- **Records supplied**
lemma distinct_tokens_token_state: "distinct (map fst (token_state xs))"
proof (induction xs rule: rev_induct)
  case (snoc c xs)
  then show ?case
    by (cases "c \<in> fst ` set (token_state xs)")
      (auto simp: token_state_snoc tok_step_new_token tok_step_old_token(2))
qed simp

lemma length_eq_token_state:
  "length xs = length (token_state xs) + sum_list (map snd (token_state xs))"
proof (induction xs rule: rev_induct)
  case (snoc c xs)
  show ?case
  proof (cases "c \<in> fst ` set (token_state xs)")
    case True
    define acc where "acc = token_state xs"
    from True have "acc \<noteq> []" by (auto simp: acc_def)
    then have split: "acc = butlast acc @ [last acc]" by simp
    have "sum_list (map snd acc) = sum_list (map snd (butlast acc)) + snd (last acc)"
      by (subst split) simp
    with True snoc.IH \<open>acc \<noteq> []\<close> show ?thesis
      by (simp add: token_state_snoc tok_step_old_token(1) flip: acc_def)
  next
    case False
    with snoc.IH show ?thesis by (simp add: token_state_snoc tok_step_new_token)
  qed
qed simp

lemma token_state_in_token_states: "xs \<in> lists {..<K} \<Longrightarrow> token_state xs \<in> token_states K"
  using tokens_token_state[of xs] distinct_tokens_token_state[of xs]
  by (auto simp: token_states_def)

definition token_fibre :: "nat \<Rightarrow> (nat \<times> nat) list \<Rightarrow> nat list set" where
  "token_fibre K ts = {xs \<in> lists {..<K}. token_state xs = ts}"

lemma finite_token_fibre: "finite (token_fibre K ts)"
  by (rule finite_subset[OF _ finite_lists_length_eq[of "{..<K}" "length ts + sum_list (map snd ts)"]])
    (auto simp: token_fibre_def length_eq_token_state)

lemma token_state_eq_Nil_iff: "token_state xs = [] \<longleftrightarrow> xs = []"
  using tokens_token_state[of xs] by auto

lemma token_fibre_Nil: "token_fibre K [] = {[]}"
  by (auto simp: token_fibre_def token_state_eq_Nil_iff)

lemma lists_eq_Union_token_fibre: "lists {..<K} = (\<Union>ts \<in> token_states K. token_fibre K ts)"
  using token_state_in_token_states by (fastforce simp: token_fibre_def)

lemma disjoint_family_token_fibre: "disjoint_family_on (token_fibre K) I"
  by (auto simp: disjoint_family_on_def token_fibre_def)

lemma token_fibre_new_token:
  assumes "T \<notin> fst ` set ts" and "T < K"
  shows "token_fibre K (ts @ [(T, 0)]) = (\<lambda>xs. xs @ [T]) ` token_fibre K ts"
proof (intro subset_antisym subsetI)
  fix ys assume ys: "ys \<in> token_fibre K (ts @ [(T, 0)])"
  then have "ys \<noteq> []" by (auto simp: token_fibre_def)
  then obtain xs c where ys_eq: "ys = xs @ [c]" by (metis rev_exhaust)
  have t: "tok_step (token_state xs) c = ts @ [(T, 0)]"
    using ys by (simp add: token_fibre_def ys_eq token_state_snoc)
  have "c \<notin> fst ` set (token_state xs)"
  proof
    assume "c \<in> fst ` set (token_state xs)"
    then have "snd (last (tok_step (token_state xs) c)) \<noteq> 0"
      by (simp add: tok_step_old_token(1))
    with t show False by simp
  qed
  with t have "token_state xs = ts" "c = T" by (auto simp: tok_step_new_token)
  with ys show "ys \<in> (\<lambda>xs. xs @ [T]) ` token_fibre K ts"
    by (auto simp: token_fibre_def ys_eq)
next
  fix ys assume "ys \<in> (\<lambda>xs. xs @ [T]) ` token_fibre K ts"
  with assms show "ys \<in> token_fibre K (ts @ [(T, 0)])"
    by (auto simp: token_fibre_def token_state_snoc tok_step_new_token)
qed

lemma token_fibre_extend_block:
  assumes "fst ` set (ts @ [(T, m)]) \<subseteq> {..<K}"
  shows "token_fibre K (ts @ [(T, Suc m)])
    = (\<lambda>(xs, c). xs @ [c]) ` (token_fibre K (ts @ [(T, m)]) \<times> fst ` set (ts @ [(T, m)]))"
proof (intro subset_antisym subsetI)
  fix ys assume ys: "ys \<in> token_fibre K (ts @ [(T, Suc m)])"
  then have "ys \<noteq> []" by (auto simp: token_fibre_def)
  then obtain xs c where ys_eq: "ys = xs @ [c]" by (metis rev_exhaust)
  have t: "tok_step (token_state xs) c = ts @ [(T, Suc m)]"
    using ys by (simp add: token_fibre_def ys_eq token_state_snoc)
  have c: "c \<in> fst ` set (token_state xs)"
  proof (rule ccontr)
    assume "c \<notin> fst ` set (token_state xs)"
    then have "snd (last (tok_step (token_state xs) c)) = 0"
      by (simp add: tok_step_new_token)
    with t show False by simp
  qed
  with t have "butlast (token_state xs) = ts" "last (token_state xs) = (T, m)"
    by (auto simp: tok_step_old_token(1) prod_eq_iff)
  with c have "token_state xs = ts @ [(T, m)]"
    by (metis append_butlast_last_id empty_iff image_empty list.set(1))
  with ys c show "ys \<in> (\<lambda>(xs, c). xs @ [c]) ` (token_fibre K (ts @ [(T, m)]) \<times> fst ` set (ts @ [(T, m)]))"
    by (auto simp: token_fibre_def ys_eq)
next
  fix ys assume "ys \<in> (\<lambda>(xs, c). xs @ [c]) ` (token_fibre K (ts @ [(T, m)]) \<times> fst ` set (ts @ [(T, m)]))"
  then obtain xs c where "ys = xs @ [c]" "xs \<in> token_fibre K (ts @ [(T, m)])"
    and "c \<in> fst ` set (ts @ [(T, m)])"
    by auto
  with assms show "ys \<in> token_fibre K (ts @ [(T, Suc m)])"
    by (auto simp: token_fibre_def token_state_snoc tok_step_old_token(1) simp del: set_append)
qed

lemma Lam_append_le: "j \<le> length ts \<Longrightarrow> Lam lam (ts @ us) j = Lam lam ts j"
  unfolding Lam_def by (intro sum.cong) (auto simp: nth_append)

lemma Lam_snoc_length: "Lam lam (ts @ [p]) (Suc (length ts)) = Lam lam ts (length ts) + lam (fst p)"
  by (simp add: Lam_def nth_append)

lemma Lam_length_eq_sum_tokens:
  "distinct (map fst ts) \<Longrightarrow> Lam lam ts (length ts) = (\<Sum>c \<in> fst ` set ts. lam c)"
proof (induction ts rule: rev_induct)
  case (snoc p ts)
  then show ?case
    using Lam_snoc_length[of lam ts p] by (auto simp: add.commute)
qed (simp add: Lam_def)

lemma set_token_fibre: "xs \<in> token_fibre K ts \<Longrightarrow> set xs = fst ` set ts"
  using tokens_token_state by (auto simp: token_fibre_def)

section \<open>The product-form measure\<close>

locale fcfs_matching =
  fixes K :: nat and lam :: "nat \<Rightarrow> real" and A :: "nat \<Rightarrow> real"
    and S :: "'s set" and cp :: "'s \<Rightarrow> nat \<Rightarrow> bool"
  assumes finite_S: "finite S"
    and lam_pos: "\<And>c. c < K \<Longrightarrow> lam c > 0"
    and A_pos: "\<And>n. n \<ge> 1 \<Longrightarrow> A n > 0"
    and Fnum_pos: "\<And>Ts. Ts \<noteq> [] \<Longrightarrow> set Ts \<subseteq> {..<K} \<Longrightarrow> Fnum S cp Ts > 0"
begin

abbreviation F :: "nat list \<Rightarrow> real" where
  "F Ts \<equiv> real (Fnum S cp Ts)"

definition type_weight :: "nat list \<Rightarrow> real" where
  "type_weight xs = (\<Prod>i<length xs. lam (xs ! i) / F (take (Suc i) xs))"

definition inv_rate_prod :: "nat \<Rightarrow> real" where
  "inv_rate_prod n = (\<Prod>k \<in> {1..n}. 1 / A k)"

text \<open>The factor of service rates is split off because all queues with the same token state
  have the same length.\<close>
definition cust_weight :: "nat list \<Rightarrow> real" where
  "cust_weight xs = type_weight xs * inv_rate_prod (length xs)"

lemma F_pos: "xs \<noteq> [] \<Longrightarrow> set xs \<subseteq> {..<K} \<Longrightarrow> F xs > 0"
  using Fnum_pos by simp

lemma type_weight_Nil [simp]: "type_weight [] = 1"
  by (simp add: type_weight_def)

lemma type_weight_snoc: "type_weight (xs @ [c]) = type_weight xs * lam c / F (xs @ [c])"
proof -
  have "(\<Prod>i<length xs. lam ((xs @ [c]) ! i) / F (take (Suc i) (xs @ [c]))) = type_weight xs"
    unfolding type_weight_def by (intro prod.cong) (auto simp: nth_append)
  then show ?thesis by (simp add: type_weight_def)
qed

lemma type_weight_nonneg: "set xs \<subseteq> {..<K} \<Longrightarrow> type_weight xs \<ge> 0"
  unfolding type_weight_def using lam_pos
  by (intro prod_nonneg divide_nonneg_nonneg) (auto simp: subset_iff less_imp_le)

lemma inv_rate_prod_Suc: "inv_rate_prod (Suc n) = inv_rate_prod n / A (Suc n)"
  by (simp add: inv_rate_prod_def prod.cl_ivl_Suc)

lemma inv_rate_prod_pos: "inv_rate_prod n > 0"
  unfolding inv_rate_prod_def using A_pos by (intro prod_pos) auto

lemma inv_rate_prod_add: "inv_rate_prod i * (\<Prod>m \<in> {1..s}. 1 / A (i + m)) = inv_rate_prod (i + s)"
  by (induction s) (simp_all add: prod.cl_ivl_Suc inv_rate_prod_Suc)

lemma cust_weight_Nil [simp]: "cust_weight [] = 1"
  by (simp add: cust_weight_def inv_rate_prod_def)

lemma cust_weight_snoc:
  "cust_weight (xs @ [c]) = cust_weight xs * lam c / (A (Suc (length xs)) * F (xs @ [c]))"
  by (simp add: cust_weight_def type_weight_snoc inv_rate_prod_Suc field_simps)

lemma cust_weight_nonneg: "set xs \<subseteq> {..<K} \<Longrightarrow> cust_weight xs \<ge> 0"
  using type_weight_nonneg inv_rate_prod_pos by (simp add: cust_weight_def less_imp_le)

lemma cust_weight_insert_at_snoc:
  assumes "k \<le> length x"
  shows "cust_weight (insert_at k c (x @ [d]))
    = cust_weight (insert_at k c x) * lam d / (A (Suc (Suc (length x))) * F (x @ [d, c]))"
proof -
  have "insert_at k c (x @ [d]) = insert_at k c x @ [d]"
    using assms by (simp add: insert_at_def)
  moreover have "F (insert_at k c x @ [d]) = F (x @ [d, c])"
    by (rule arg_cong[where f = real], rule Fnum_cong_set) auto
  ultimately show ?thesis
    using assms by (simp add: cust_weight_snoc)
qed

text \<open>Flow out of x by arrivals of type c balances flow into x by services of a type c
  customer inserted at position k; the k-th term counts the servers compatible with c but
  not with the first k customers, so F telescopes.\<close>
lemma arrival_telescope:
  assumes "set x \<subseteq> {..<K}" and "c < K"
  shows "A (Suc (length x)) * (\<Sum>k\<le>length x.
      cust_weight (insert_at k c x) * (F (take k x @ [c]) - F (take k x))) = lam c * cust_weight x"
  using assms(1)
proof (induction x rule: rev_induct)
  case Nil
  have "F [c] > 0" "A 1 > 0" using F_pos A_pos assms(2) by auto
  then show ?case by (simp add: insert_at_def cust_weight_snoc[of "[]", simplified])
next
  case (snoc d x)
  define n where "n = length x"
  define \<Sigma> where "\<Sigma> = (\<Sum>k\<le>n. cust_weight (insert_at k c x) * (F (take k x @ [c]) - F (take k x)))"
  have pos: "F (x @ [d, c]) > 0" "F (x @ [d]) > 0" "A (Suc n) > 0" "A (Suc (Suc n)) > 0"
    using F_pos snoc.prems assms(2) A_pos by auto
  have IH: "\<Sigma> = lam c * cust_weight x / A (Suc n)"
    using snoc pos by (simp add: \<Sigma>_def n_def field_simps)
  have "(\<Sum>k\<le>Suc n. cust_weight (insert_at k c (x @ [d]))
        * (F (take k (x @ [d]) @ [c]) - F (take k (x @ [d]))))
      = \<Sigma> * (lam d / (A (Suc (Suc n)) * F (x @ [d, c])))
        + cust_weight (x @ [d, c]) * (F (x @ [d, c]) - F (x @ [d]))"
    unfolding \<Sigma>_def sum_distrib_right sum.atMost_Suc
    by (intro arg_cong2[where f = "(+)"] sum.cong)
      (simp_all add: cust_weight_insert_at_snoc n_def insert_at_length[of "x @ [d]", simplified])
  also have "\<dots> = lam c * cust_weight (x @ [d]) / A (Suc (Suc n))"
    using pos unfolding IH cust_weight_snoc[of "x @ [d]", simplified] cust_weight_snoc[of x d]
    by (simp add: n_def field_simps)
  finally show ?case
    using pos by (simp add: n_def field_simps)
qed

lemma service_partial_balance:
  assumes "x \<noteq> []" and "set x \<subseteq> {..<K}"
  shows "cust_weight (butlast x) * lam (last x) = cust_weight x * A (length x) * F x"
proof -
  have "F x > 0" "A (length x) > 0"
    using F_pos A_pos assms by (auto simp: Suc_le_eq)
  moreover have "cust_weight x = cust_weight (butlast x) * lam (last x) / (A (length x) * F x)"
    using cust_weight_snoc[of "butlast x" "last x"] assms(1) by simp
  ultimately show ?thesis by simp
qed

lemma arrival_partial_balance:
  assumes "set x \<subseteq> {..<K}"
  shows "(\<Sum>y \<in> {y \<in> lists {..<K}. length y = Suc (length x)}.
      cust_weight y * A (length y) * real (card {s \<in> S. serve cp s y = Some x}))
    = (\<Sum>c<K. lam c) * cust_weight x"
  using sum_service_inflow[OF finite_S assms, of cust_weight A] arrival_telescope[OF assms]
  by (simp add: sum_distrib_left sum_distrib_right)

lemma balance_holds_cust_weight: "balance_holds K lam A S cp cust_weight"
  unfolding balance_holds_def
proof (intro ballI, goal_cases)
  case (1 x)
  then have x: "set x \<subseteq> {..<K}" by auto
  have "(if x = [] then 0 else cust_weight (butlast x) * lam (last x)) = cust_weight x * A (length x) * F x"
    using service_partial_balance[OF _ x] by auto
  then show ?case
    using arrival_partial_balance[OF x] unfolding card_serve_neq_None by (simp add: algebra_simps)
qed

subsection \<open>Aggregation over token states\<close>

definition token_weight :: "(nat \<times> nat) list \<Rightarrow> real" where
  "token_weight ts = (\<Prod>j<length ts. lam (fst (ts ! j)) / Lam lam ts (Suc j)
      * (Lam lam ts (Suc j) / F (map fst (take (Suc j) ts))) ^ (snd (ts ! j) + 1))"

- **What the task requires**
Please copy out every line in the listing that has the string "define".

- **Response**
    define acc where "acc = token_state xs"
  define n where "n = length x"
  define \<Sigma> where "\<Sigma> = (\<Sum>k\<le>n. cust_weight (insert_at k c x) * (F (take k x @ [c]) - F (take k x)))"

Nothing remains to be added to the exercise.